What the task asks |
Would you repeat all the lines below, exactly as they stand?

━━ Provided data

lemma AE_poly_eq_imp_coeff_eq:
  fixes U :: "'a \<Rightarrow> real" and a b :: "nat \<Rightarrow> real"
  assumes support: "\<not> (\<exists>S. finite S \<and> (AE x in M. U x \<in> S))"
    and eq: "AE x in M. (\<Sum>j=0..n. a j * U x ^ j) = (\<Sum>j=0..n. b j * U x ^ j)"
    and "j \<le> n"
  shows "a j = b j"
proof -
  define p :: "real poly" where "p = (\<Sum>j=0..n. monom (a j - b j) j)"
  have poly_p: "poly p x = (\<Sum>j=0..n. a j * x ^ j) - (\<Sum>j=0..n. b j * x ^ j)" for x
    by (simp add: p_def poly_sum poly_monom sum_subtractf[symmetric] algebra_simps)
  have "p = 0"
  proof (rule ccontr)
    assume "p \<noteq> 0"
    moreover have "AE x in M. U x \<in> {x. poly p x = 0}"
      using eq by eventually_elim (simp add: poly_p)
    ultimately show False
      using support poly_roots_finite by blast
  qed
  then have "coeff p j = 0" by simp
  then show ?thesis
    using \<open>j \<le> n\<close> by (simp add: p_def coeff_sum coeff_monom)
qed

lemma (in sigma_finite_subalgebra) real_cond_exp_power_from_increments:
  assumes "Y \<in> borel_measurable F" "Z \<in> borel_measurable M"
    and "\<And>k. integrable M (\<lambda>x. Y x ^ k)" "\<And>k. integrable M (\<lambda>x. Z x ^ k)"
    and incr: "\<And>k. k \<le> n \<Longrightarrow> AE x in M. real_cond_exp M F (\<lambda>x. (Z x - Y x) ^ k) x = h k"
  shows "AE x in M. real_cond_exp M F (\<lambda>x. Z x ^ n) x = binom_conv (\<lambda>k. Y x ^ k) h n"
proof -
  have Y: "Y \<in> borel_measurable M"
    using subalg assms(1) by (rule measurable_from_subalg)
  have "AE x in M. real_cond_exp M F (\<lambda>x. (Y x + (Z x - Y x)) ^ n) x
      = (\<Sum>k=0..n. real (n choose k) * Y x ^ k * real_cond_exp M F (\<lambda>x. (Z x - Y x) ^ (n - k)) x)"
    using assms(1-4) integrable_power_diff[OF Y assms(2)]
    by (intro real_cond_exp_binomial) (auto intro: borel_measurable_diff Y)
  moreover have "AE x in M. \<forall>k\<in>{0..n}. real_cond_exp M F (\<lambda>x. (Z x - Y x) ^ (n - k)) x = h (n - k)"
    using incr by (intro AE_finite_allI) auto
  ultimately show ?thesis
    by eventually_elim (simp add: binom_conv_def)
qed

━━━━

Problem solution |
lemma AE_poly_eq_imp_coeff_eq:
  fixes U :: "'a \<Rightarrow> real" and a b :: "nat \<Rightarrow> real"
  assumes support: "\<not> (\<exists>S. finite S \<and> (AE x in M. U x \<in> S))"
    and eq: "AE x in M. (\<Sum>j=0..n. a j * U x ^ j) = (\<Sum>j=0..n. b j * U x ^ j)"
    and "j \<le> n"
  shows "a j = b j"
proof -
  define p :: "real poly" where "p = (\<Sum>j=0..n. monom (a j - b j) j)"
  have poly_p: "poly p x = (\<Sum>j=0..n. a j * x ^ j) - (\<Sum>j=0..n. b j * x ^ j)" for x
    by (simp add: p_def poly_sum poly_monom sum_subtractf[symmetric] algebra_simps)
  have "p = 0"
  proof (rule ccontr)
    assume "p \<noteq> 0"
    moreover have "AE x in M. U x \<in> {x. poly p x = 0}"
      using eq by eventually_elim (simp add: poly_p)
    ultimately show False
      using support poly_roots_finite by blast
  qed
  then have "coeff p j = 0" by simp
  then show ?thesis
    using \<open>j \<le> n\<close> by (simp add: p_def coeff_sum coeff_monom)
qed

lemma (in sigma_finite_subalgebra) real_cond_exp_power_from_increments:
  assumes "Y \<in> borel_measurable F" "Z \<in> borel_measurable M"
    and "\<And>k. integrable M (\<lambda>x. Y x ^ k)" "\<And>k. integrable M (\<lambda>x. Z x ^ k)"
    and incr: "\<And>k. k \<le> n \<Longrightarrow> AE x in M. real_cond_exp M F (\<lambda>x. (Z x - Y x) ^ k) x = h k"
  shows "AE x in M. real_cond_exp M F (\<lambda>x. Z x ^ n) x = binom_conv (\<lambda>k. Y x ^ k) h n"
proof -
  have Y: "Y \<in> borel_measurable M"
    using subalg assms(1) by (rule measurable_from_subalg)
  have "AE x in M. real_cond_exp M F (\<lambda>x. (Y x + (Z x - Y x)) ^ n) x
      = (\<Sum>k=0..n. real (n choose k) * Y x ^ k * real_cond_exp M F (\<lambda>x. (Z x - Y x) ^ (n - k)) x)"
    using assms(1-4) integrable_power_diff[OF Y assms(2)]
    by (intro real_cond_exp_binomial) (auto intro: borel_measurable_diff Y)
  moreover have "AE x in M. \<forall>k\<in>{0..n}. real_cond_exp M F (\<lambda>x. (Z x - Y x) ^ (n - k)) x = h (n - k)"
    using incr by (intro AE_finite_allI) auto
  ultimately show ?thesis
    by eventually_elim (simp add: binom_conv_def)
qed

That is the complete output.